• DATA FOR THE TASK:
(* Let $q$ be a query program, $P$ a partial model, $\mathcal{T}$ a theory, and $P',\mathcal{T}'$ the partial model and theory produced by the witness-generation construction. If $M\in\mathit{solutions}(P',\mathcal{T}')$, then $\mathit{DS}_M(M)\ge g_{\mathrm{witness}}(M)$, where $\mathit{DS}_M(M)=\max_{k\vDash\mathcal{S}_{\mathrm{IPET}}\cup\mathcal{S}_{\mathrm{flow}}(M)}g_{\mathrm{IPET}}(k)$ and $g_{\mathrm{witness}}(M)=\max_{k\vDash\mathcal{S}_M}g_{\mathrm{IPET}}(k)$.
   Context: Linear systems. Fix a large finite reserve $\mathcal{X}$ of integer variables. A system of linear inequalities $\mathcal{S}$ is a finite set of inequalities $\sum_j a_{ij}x_j\le y_i$ (equations are written as pairs of inequalities). A valuation $k:\mathcal{X}\to\mathbb{Z}$ is a solution of $\mathcal{S}$ ($k\vDash\mathcal{S}$) if it satisfies all of them; $\mathcal{S}_1\vDash\mathcal{S}_2$ means every solution of $\mathcal{S}_1$ is a solution of $\mathcal{S}_2$. Models. A metamodel is a signature $\Sigma$ of unary class symbols, binary relation symbols, a unary existence symbol $\varepsilon$ and a binary equality symbol $\sim$. A (scoped) partial model $P=\langle O_P,I_P,\mathcal{S}_P\rangle$ consists of a finite object set $O_P$, a 3-valued interpretation $I_P(\sigma):O_P^{\mathrm{arity}(\sigma)}\to\{0,1,\tfrac12\}$ for each $\sigma\in\Sigma$ ($\tfrac12$ = unknown), and a scope $\mathcal{S}_P$ (a system of linear inequalities). $P$ is concrete if all values are $0$ or $1$, $I_P(\varepsilon)(o)=1$ for all $o$, $I_P(\sim)(o_1,o_2)=1$ iff $o_1=o_2$, and $\mathcal{S}_P$ has a solution. Refinement: for $\mathit{abs}:O_Q\to O_P$, $P\succcurlyeq_{\mathit{abs}}Q$ holds if for all $\sigma$ and tuples $\bar q$, $I_P(\sigma)(\mathit{abs}(\bar q))$ is $\tfrac12$ or equals $I_Q(\sigma)(\bar q)$; every $p$ with $I_P(\varepsilon)(p)=1$ has a preimage under $\mathit{abs}$; and $\mathcal{S}_Q\vDash\mathcal{S}_P$. $P\succcurlyeq Q$ if $P\succcurlyeq_{\mathit{abs}}Q$ for some $\mathit{abs}$. For a first-order predicate $\varphi$ over $\Sigma$ with free variables $v_1,\dots,v_n$ and a concrete model $M$, $M\#\varphi$ is the number of maps $Z:\{v_1,\dots,v_n\}\to O_M$ under which $\varphi$ is true in $M$. A theory $\mathcal{T}=\langle\Phi,r\rangle$ is a finite set $\Phi$ of predicates with a map $r:\Phi\to\mathcal{X}$; a concrete $M$ is compatible with it ($M\vDash\mathcal{T}$) if $\mathcal{S}_M\vDash r(\varphi)=M\#\varphi$ for all $\varphi\in\Phi$. $\mathit{solutions}(P,\mathcal{T})$ is the set of concrete models $M$ with $P\succcurlyeq M$ and $M\vDash\mathcal{T}$. Program and IPET. $q$ is a query program generated from a graph-query search plan (nested for-loops implementing extend constraints and if-statements implementing check constraints). $\mathit{BB}$ is its set of basic blocks; its weighted CFG is $\langle V,E,s,t,w,\mathit{tr}\rangle$ with edges $E\subseteq V\times V$, start/end $s,t$, weights $w:E\to\mathbb{N}$, traceability $\mathit{tr}:V\to\mathit{BB}$. $f:E\to\mathcal{X}$ assigns distinct variables to edges. $\mathcal{S}_{\mathrm{IPET}}$ contains $\sum_{e=\langle s,n\rangle}f(e)=1$, $\sum_{e=\langle n,t\rangle}f(e)=1$, flow conservation at every $n\ne s,t$, $-f(e)\le0$, and possibly further low-level flow facts. $g_{\mathrm{IPET}}(k)=\sum_{e\in E}w(e)k(f(e))$. Basic block predicates. For $bb\in\mathit{BB}$, $\psi_{bb}$ is the conjunction of the atomic predicates of all for/if statements enclosing $bb$ (extend atoms without their existential quantifier; check literals as-is); $\psi_{bb}=\mathrm{true}$ if none. If $bb$ is the header of loop $\ell$, also $\psi'_{bb}=\psi_{bb}\wedge(\text{atom of }\ell)$. $\Psi$ is the set of all these predicates. For concrete $M$, $\mathcal{S}_{\mathrm{flow}}(M)$ contains for each $bb$: $\sum_{e=\langle n_1,n_2\rangle\in E,\mathit{tr}(n_1)=bb}f(e)=M\#\psi_{bb}+M\#\psi'_{bb}$ (loop header) or $=M\#\psi_{bb}$ (otherwise). Witness generation. Given $P=\langle O_P,I_P,\mathcal{S}_P\rangle$ and $\mathcal{T}=\langle\Phi,r\rangle$ (with the range of $f$ disjoint from the range of $r$ and from the variables of $\mathcal{S}_P$), extend $r$ to $r'$ on $\Phi\cup\Psi$ by assigning to each $\psi\in\Psi$ a fresh distinct variable (not in the range of $f$, of $r$, or in $\mathcal{S}_P$). $\mathcal{S}_{\mathrm{merge}}$ contains for each $bb$: $r'(\psi_{bb})+r'(\psi'_{bb})-\sum_{e=\langle n_1,n_2\rangle\in E,\mathit{tr}(n_1)=bb}f(e)=0$ if $bb$ is a loop header, else $r'(\psi_{bb})-\sum_{e=\langle n_1,n_2\rangle\in E,\mathit{tr}(n_1)=bb}f(e)=0$. Set $P'=\langle O_P,I_P,\mathcal{S}_P\cup\mathcal{S}_{\mathrm{IPET}}\cup\mathcal{S}_{\mathrm{merge}}\rangle$ and $\mathcal{T}'=\langle\Phi\cup\Psi,r'\rangle$. *)

theory Defs
  imports Main "HOL-Library.FuncSet" "HOL-Library.Extended_Real"
begin

text \<open>An inequality sum_j a_j x_j <= c is represented by the pair (a, c).\<close>
type_synonym 'x ineq = "('x \<Rightarrow> int) \<times> int"

definition sat :: "('x::finite \<Rightarrow> int) \<Rightarrow> 'x ineq set \<Rightarrow> bool" where
  "sat k S \<longleftrightarrow> (\<forall>(a, c) \<in> S. (\<Sum>x\<in>UNIV. a x * k x) \<le> c)"

definition entails :: "('x::finite) ineq set \<Rightarrow> 'x ineq set \<Rightarrow> bool" where
  "entails S1 S2 \<longleftrightarrow> (\<forall>k. sat k S1 \<longrightarrow> sat k S2)"

definition vars_of :: "'x ineq set \<Rightarrow> 'x set" where
  "vars_of S = {x. \<exists>(a, c) \<in> S. a x \<noteq> 0}"

definition eqn :: "('x \<Rightarrow> int) \<Rightarrow> int \<Rightarrow> 'x ineq set" where
  "eqn a c = {(a, c), (\<lambda>x. - a x, - c)}"

definition var :: "'x \<Rightarrow> 'x \<Rightarrow> int" where
  "var y = (\<lambda>x. if x = y then 1 else 0)"

text \<open>Coefficient vector of the linear term sum_{e in A} f(e).\<close>
definition sumv :: "('e \<Rightarrow> 'x) \<Rightarrow> 'e set \<Rightarrow> 'x \<Rightarrow> int" where
  "sumv f A = (\<lambda>x. int (card {e \<in> A. f e = x}))"

datatype tv = F | T | U  \<comment> \<open>0, 1, 1/2 (unknown)\<close>

text \<open>A signature is given by an arity map together with the existence symbol eps and the
  equality symbol eqs.\<close>
definition sig_ok :: "('s \<Rightarrow> nat) \<Rightarrow> 's \<Rightarrow> 's \<Rightarrow> bool" where
  "sig_ok ar eps eqs \<longleftrightarrow> (\<forall>\<sigma>. ar \<sigma> \<in> {1, 2}) \<and> ar eps = 1 \<and> ar eqs = 2"

datatype ('s, 'v) pred =
    PTrue
  | PAtom 's "'v list"
  | PNot "('s, 'v) pred"
  | PAnd "('s, 'v) pred" "('s, 'v) pred"
  | PEx 'v "('s, 'v) pred"

fun fv :: "('s, 'v) pred \<Rightarrow> 'v set" where
  "fv PTrue = {}"
| "fv (PAtom \<sigma> vs) = set vs"
| "fv (PNot \<phi>) = fv \<phi>"
| "fv (PAnd \<phi> \<psi>) = fv \<phi> \<union> fv \<psi>"
| "fv (PEx v \<phi>) = fv \<phi> - {v}"

record ('o, 's, 'x) pmodel =
  objs :: "'o set"
  interp :: "'s \<Rightarrow> 'o list \<Rightarrow> tv"
  scope :: "'x ineq set"

definition tuples :: "'o set \<Rightarrow> nat \<Rightarrow> 'o list set" where
  "tuples Ob n = {os. length os = n \<and> set os \<subseteq> Ob}"

fun holds :: "'o set \<Rightarrow> ('s \<Rightarrow> 'o list \<Rightarrow> tv) \<Rightarrow> ('v \<Rightarrow> 'o) \<Rightarrow> ('s, 'v) pred \<Rightarrow> bool" where
  "holds Ob I Z PTrue = True"
| "holds Ob I Z (PAtom \<sigma> vs) = (I \<sigma> (map Z vs) = T)"
| "holds Ob I Z (PNot \<phi>) = (\<not> holds Ob I Z \<phi>)"
| "holds Ob I Z (PAnd \<phi> \<psi>) = (holds Ob I Z \<phi> \<and> holds Ob I Z \<psi>)"
| "holds Ob I Z (PEx v \<phi>) = (\<exists>ob\<in>Ob. holds Ob I (Z(v := ob)) \<phi>)"

text \<open>M # phi: number of maps from the free variables of phi to O_M making phi true.\<close>
definition mcount :: "('o, 's, 'x) pmodel \<Rightarrow> ('s, 'v) pred \<Rightarrow> nat" where
  "mcount M \<phi> = card {Z \<in> fv \<phi> \<rightarrow>\<^sub>E objs M.
      holds (objs M) (interp M) (\<lambda>v. if v \<in> fv \<phi> then Z v else undefined) \<phi>}"

definition pmodel_ok :: "('o, 's, 'x) pmodel \<Rightarrow> bool" where
  "pmodel_ok P \<longleftrightarrow> finite (objs P) \<and> finite (scope P)"

definition concrete :: "('s \<Rightarrow> nat) \<Rightarrow> 's \<Rightarrow> 's \<Rightarrow> ('o, 's, 'x::finite) pmodel \<Rightarrow> bool" where
  "concrete ar eps eqs M \<longleftrightarrow> pmodel_ok M
     \<and> (\<forall>\<sigma>. \<forall>os \<in> tuples (objs M) (ar \<sigma>). interp M \<sigma> os \<noteq> U)
     \<and> (\<forall>ob\<in>objs M. interp M eps [ob] = T)
     \<and> (\<forall>o1\<in>objs M. \<forall>o2\<in>objs M. interp M eqs [o1, o2] = T \<longleftrightarrow> o1 = o2)
     \<and> (\<exists>k. sat k (scope M))"

definition refines_abs :: "('s \<Rightarrow> nat) \<Rightarrow> 's \<Rightarrow> ('o, 's, 'x::finite) pmodel \<Rightarrow> ('m \<Rightarrow> 'o)
     \<Rightarrow> ('m, 's, 'x) pmodel \<Rightarrow> bool" where
  "refines_abs ar eps P ab Q \<longleftrightarrow> ab \<in> objs Q \<rightarrow> objs P
     \<and> (\<forall>\<sigma>. \<forall>qs \<in> tuples (objs Q) (ar \<sigma>).
           interp P \<sigma> (map ab qs) = U \<or> interp P \<sigma> (map ab qs) = interp Q \<sigma> qs)
     \<and> (\<forall>p\<in>objs P. interp P eps [p] = T \<longrightarrow> (\<exists>q\<in>objs Q. ab q = p))
     \<and> entails (scope Q) (scope P)"

definition refines :: "('s \<Rightarrow> nat) \<Rightarrow> 's \<Rightarrow> ('o, 's, 'x::finite) pmodel
     \<Rightarrow> ('m, 's, 'x) pmodel \<Rightarrow> bool" where
  "refines ar eps P Q \<longleftrightarrow> (\<exists>ab. refines_abs ar eps P ab Q)"

definition compatible :: "('o, 's, 'x::finite) pmodel \<Rightarrow> ('s, 'v) pred set
     \<Rightarrow> (('s, 'v) pred \<Rightarrow> 'x) \<Rightarrow> bool" where
  "compatible M \<Phi> r \<longleftrightarrow>
     (\<forall>\<phi>\<in>\<Phi>. entails (scope M) (eqn (var (r \<phi>)) (int (mcount M \<phi>))))"

definition solutions :: "('s \<Rightarrow> nat) \<Rightarrow> 's \<Rightarrow> 's \<Rightarrow> ('o, 's, 'x::finite) pmodel
     \<Rightarrow> ('s, 'v) pred set \<Rightarrow> (('s, 'v) pred \<Rightarrow> 'x) \<Rightarrow> ('m, 's, 'x) pmodel set" where
  "solutions ar eps eqs P \<Phi> r =
     {M. concrete ar eps eqs M \<and> refines ar eps P M \<and> compatible M \<Phi> r}"

text \<open>A for-loop
  (extend constraint) has a header basic block, its atom (without the existential quantifier)
  and a body; an if-statement (check constraint) has its literal and a body.\<close>
datatype ('bb, 's, 'v) stmt =
    Blk 'bb
  | For 'bb "('s, 'v) pred" "('bb, 's, 'v) stmt list"
  | If "('s, 'v) pred" "('bb, 's, 'v) stmt list"

text \<open>For each basic block: enclosing atoms/literals, and (for loop headers) its own loop atom.\<close>
fun binfo :: "('s, 'v) pred list \<Rightarrow> ('bb, 's, 'v) stmt
     \<Rightarrow> ('bb \<times> ('s, 'v) pred list \<times> ('s, 'v) pred option) list" where
  "binfo ctx (Blk b) = [(b, ctx, None)]"
| "binfo ctx (For b a body) = (b, ctx, Some a) # concat (map (binfo (ctx @ [a])) body)"
| "binfo ctx (If c body) = concat (map (binfo (ctx @ [c])) body)"

definition blocks :: "('bb, 's, 'v) stmt list \<Rightarrow> ('bb \<times> ('s, 'v) pred list \<times> ('s, 'v) pred option) list" where
  "blocks q = concat (map (binfo []) q)"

• INSTRUCTIONS TO FOLLOW:
Show every line above in which the word "mcount" is found.

• RESULT FOR THIS EXERCISE:
definition mcount :: "('o, 's, 'x) pmodel \<Rightarrow> ('s, 'v) pred \<Rightarrow> nat" where
  "mcount M \<phi> = card {Z \<in> fv \<phi> \<rightarrow>\<^sub>E objs M.
     (\<forall>\<phi>\<in>\<Phi>. entails (scope M) (eqn (var (r \<phi>)) (int (mcount M \<phi>))))"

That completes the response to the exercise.